▶ [Problem details]:
Please copy each line of the records below that includes the word "close".

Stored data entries
#####
theorem lemma3p1:
  fixes M :: "'a measure"
    and X X' b :: "nat \<Rightarrow> 'a \<Rightarrow> real"
    and L I :: "nat \<Rightarrow> 'a \<Rightarrow> nat"
    and N1 N2 :: "'a \<Rightarrow> real"
    and \<mu> \<sigma> \<epsilon> C :: real
    and n :: nat
    and Z :: "nat \<Rightarrow> 'a \<Rightarrow> real" and \<tau> mu :: "nat \<Rightarrow> real"
    and bb Zs :: "nat \<Rightarrow> 'a \<Rightarrow> real" and d :: "nat \<Rightarrow> ennreal"
  assumes M: "prob_space M"
    and measX: "\<forall>j. X j \<in> borel_measurable M"
    and measX': "\<forall>j. X' j \<in> borel_measurable M"
    and measb: "\<forall>m. b m \<in> borel_measurable M"
    and measL: "\<forall>m. L m \<in> measurable M (count_space UNIV)"
    and L_dist: "\<forall>m\<ge>2. \<forall>i\<in>{1..m-1}. measure M {\<omega>\<in>space M. L m \<omega> = i} = q m i"
    and I_L: "\<forall>m\<ge>2. \<forall>\<omega>\<in>space M. I m \<omega> = max (L m \<omega>) (m - L m \<omega>)"
    and X'_dist: "\<forall>j. distr M borel (X' j) = distr M borel (X j)"
    and N1: "distributed M lborel N1 std_normal_density"
    and N2: "distributed M lborel N2 std_normal_density"
    and indep: "\<forall>m\<ge>2. prob_space.indep_sets M
        (\<lambda>c. case c of
            CX \<Rightarrow> gen_sets M (\<lambda>\<omega> j. X j \<omega>) (PiM UNIV (\<lambda>_. borel))
          | CX' \<Rightarrow> gen_sets M (\<lambda>\<omega> j. X' j \<omega>) (PiM UNIV (\<lambda>_. borel))
          | CIb \<Rightarrow> gen_sets M (\<lambda>\<omega>. (I m \<omega>, b m \<omega>)) (count_space UNIV \<Otimes>\<^sub>M borel)
          | CN1 \<Rightarrow> gen_sets M N1 borel
          | CN2 \<Rightarrow> gen_sets M N2 borel) UNIV"
    and recur: "\<forall>m\<ge>2. distr M borel (X m) =
        distr M borel (\<lambda>\<omega>. X (I m \<omega>) \<omega> + X' (m - I m \<omega>) \<omega> + b m \<omega>)"
    and pos: "\<mu> > 0" "\<sigma> > 0" "\<epsilon> > 0" "C > 0"
    and X3: "\<forall>j\<ge>1. integrable M (\<lambda>\<omega>. \<bar>X j \<omega>\<bar> ^ 3)"
    and b3: "\<forall>m\<ge>2. integrable M (\<lambda>\<omega>. \<bar>b m \<omega>\<bar> ^ 3)"
    and mean_X: "\<forall>m\<ge>1. \<bar>mean M (X m) - \<mu> * real m\<bar> \<le> C * real m powr (1/2 - \<epsilon>)"
    and var_X: "\<forall>m\<ge>1. \<bar>var M (X m) - \<sigma>\<^sup>2 * real m\<bar> \<le> C * real m powr (1 - \<epsilon>)"
    and mom_b: "\<forall>m\<ge>2. mean M (\<lambda>\<omega>. \<bar>b m \<omega>\<bar> ^ 3) \<le> real m powr (3/2 - \<epsilon>)"
    and n: "2 \<le> n"
    and Z_def: "Z = (\<lambda>j \<omega>. (X j \<omega> - mean M (X j)) / (\<sigma> * sqrt (real j)))"
    and tau_def: "\<tau> = (\<lambda>j. sqrt (var M (Z j)))"
    and mu_def: "mu = (\<lambda>j. mean M (X j))"
    and bb_def: "bb = (\<lambda>m \<omega>. (b m \<omega> + mu (I m \<omega>) + mu (m - I m \<omega>) - mu m) / (\<sigma> * sqrt (real m)))"
    and Zs_def: "Zs = (\<lambda>m \<omega>. sqrt (real (I m \<omega>) / real m) * \<tau> (I m \<omega>) * N1 \<omega>
                   + sqrt (real (m - I m \<omega>) / real m) * \<tau> (m - I m \<omega>) * N2 \<omega> + bb m \<omega>)"
    and d_def: "d = (\<lambda>j. zeta3 (distr M borel (Z j)) (distr M borel (\<lambda>\<omega>. \<tau> j * N1 \<omega>)))"
  shows "d n \<le> (\<integral>\<^sup>+\<omega>. ennreal ((real (n - I n \<omega>) / real n) powr (3/2)) * d (n - I n \<omega>)
                      + ennreal ((real (I n \<omega>) / real n) powr (3/2)) * d (I n \<omega>) \<partial>M)
             + zeta3 (distr M borel (Zs n)) (distr M borel (\<lambda>\<omega>. \<tau> n * N1 \<omega>))"
proof -
  interpret prob_space M by (rule M)
  have I_measurable: "I n \<in> measurable M (count_space UNIV)"
    using measurable_compose[OF measL[rule_format, of n], of "\<lambda>i. max i (n - i)"] I_L n
    by (simp cong: measurable_cong)
  have "(\<Sum>i\<in>{1..n-1}. prob {\<omega>\<in>space M. L n \<omega> = i}) = (\<Sum>i=1..n-1. q n i)"
    using L_dist n by (intro sum.cong) auto
  then have "AE \<omega> in M. L n \<omega> \<in> {1..n-1}"
    by (intro AE_mem_of_sum_prob_eq_1[OF measL[rule_format, of n]]) (use sum_q_eq_1[OF n] in simp_all)
  then have I_range: "AE \<omega> in M. I n \<omega> \<in> {1..<n}"
    using AE_space by eventually_elim (use I_L n in \<open>auto simp: max_def\<close>)
  interpret R: split_recursion M X X' "I n" "b n" N1 N2 \<sigma> n
    by unfold_locales
      (use measX measX' measb I_measurable I_range X'_dist N1 N2 indep recur pos X3 b3 n in
        \<open>auto simp: L3_def\<close>)
  have Z: "Z = R.Z"
    by (simp add: fun_eq_iff Z_def R.Z_def R.normalize_def R.mu_def)
  have tau: "\<tau> = R.tau"
    by (simp add: fun_eq_iff tau_def R.tau_def Z)
  have "d = R.d"
    by (simp add: fun_eq_iff d_def R.d_def Z tau)
  moreover have "Zs n = R.Zstar"
    by (simp add: fun_eq_iff Zs_def bb_def mu_def R.Zstar_def R.combine_def R.mu_def tau)
  ultimately show ?thesis using R.d_le_recursive_bound by (simp add: tau)
qed
(* Let $G$ be a connected weighted multigraph on the vertex set $V$, $|V|=n\ge2$, with positive edge weights. Then the long walk distance $d^{LW}$ on $V$ is graph-geodetic, i.e. for all $i,j,k\in V$, $d^{LW}(i,j)+d^{LW}(j,k)=d^{LW}(i,k)$ holds if and only if every path in $G$ connecting $i$ and $k$ contains $j$; and it is a squared Euclidean distance, i.e. there exist points $x_v\in\mathbb R^m$ ($v\in V$, some $m$) with $d^{LW}(i,j)=\|x_i-x_j\|_2^2$ for all $i,j\in V$.
   Context: Loops and multiple edges are allowed. The weighted adjacency matrix $A=(a_{ij})$ has $a_{ij}$ equal to the sum of weights of the edges joining $i$ and $j$; $\rho$ is its spectral radius. The long walk distance is $d^{LW}(i,j)=\lim_{\alpha\to\infty}\theta\bigl(\tfrac12(\ln r_{ii}+\ln r_{jj})-\ln r_{ij}\bigr)$, where $(r_{ij})=(I-tA)^{-1}$, $t=(\rho+\alpha^{-1})^{-1}$, $\theta=\ln(e+\alpha^{2/n})\frac{\alpha-1}{\ln\alpha}$. *)

theory Defs
  imports "HOL-Analysis.Analysis"
begin

text \<open>A weighted multigraph on the vertex type 'n: a finite set E of edges, each edge e
  having a nonempty set ends e of at most two endpoints (one endpoint = loop), and a
  weight w e.\<close>

definition wmultigraph :: "'e set \<Rightarrow> ('e \<Rightarrow> 'n set) \<Rightarrow> ('e \<Rightarrow> real) \<Rightarrow> bool" where
  "wmultigraph E ends w \<longleftrightarrow> finite E \<and>
     (\<forall>e\<in>E. ends e \<noteq> {} \<and> finite (ends e) \<and> card (ends e) \<le> 2 \<and> w e > 0)"

definition wadj :: "'e set \<Rightarrow> ('e \<Rightarrow> 'n::finite set) \<Rightarrow> ('e \<Rightarrow> real) \<Rightarrow> real^'n^'n" where
  "wadj E ends w = (\<chi> i j. \<Sum>e\<in>{e\<in>E. ends e = {i, j}}. w e)"

definition adjacent :: "'e set \<Rightarrow> ('e \<Rightarrow> 'n set) \<Rightarrow> 'n \<Rightarrow> 'n \<Rightarrow> bool" where
  "adjacent E ends u v \<longleftrightarrow> (\<exists>e\<in>E. ends e = {u, v})"

definition is_path :: "'e set \<Rightarrow> ('e \<Rightarrow> 'n set) \<Rightarrow> 'n list \<Rightarrow> 'n \<Rightarrow> 'n \<Rightarrow> bool" where
  "is_path E ends p i k \<longleftrightarrow> p \<noteq> [] \<and> hd p = i \<and> last p = k \<and> distinct p \<and>
     (\<forall>l. Suc l < length p \<longrightarrow> adjacent E ends (p ! l) (p ! Suc l))"

definition connected_graph :: "'e set \<Rightarrow> ('e \<Rightarrow> 'n set) \<Rightarrow> bool" where
  "connected_graph E ends \<longleftrightarrow> (\<forall>i k. \<exists>p. is_path E ends p i k)"

definition spec_radius :: "real^'n::finite^'n \<Rightarrow> real" where
  "spec_radius A = Max {cmod z | z. det (mat z - (\<chi> i j. complex_of_real (A $ i $ j))) = 0}"

definition lw_t :: "real^'n::finite^'n \<Rightarrow> real \<Rightarrow> real" where
  "lw_t A \<alpha> = inverse (spec_radius A + inverse \<alpha>)"

definition lw_r :: "real^'n::finite^'n \<Rightarrow> real \<Rightarrow> real^'n^'n" where
  "lw_r A \<alpha> = matrix_inv (mat 1 - lw_t A \<alpha> *\<^sub>R A)"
#####
▶ [Exercise answer]:
    using AE_space by eventually_elim (use I_L n in \<open>auto simp: max_def\<close>)
        \<open>auto simp: L3_def\<close>)
  weight w e.\<close>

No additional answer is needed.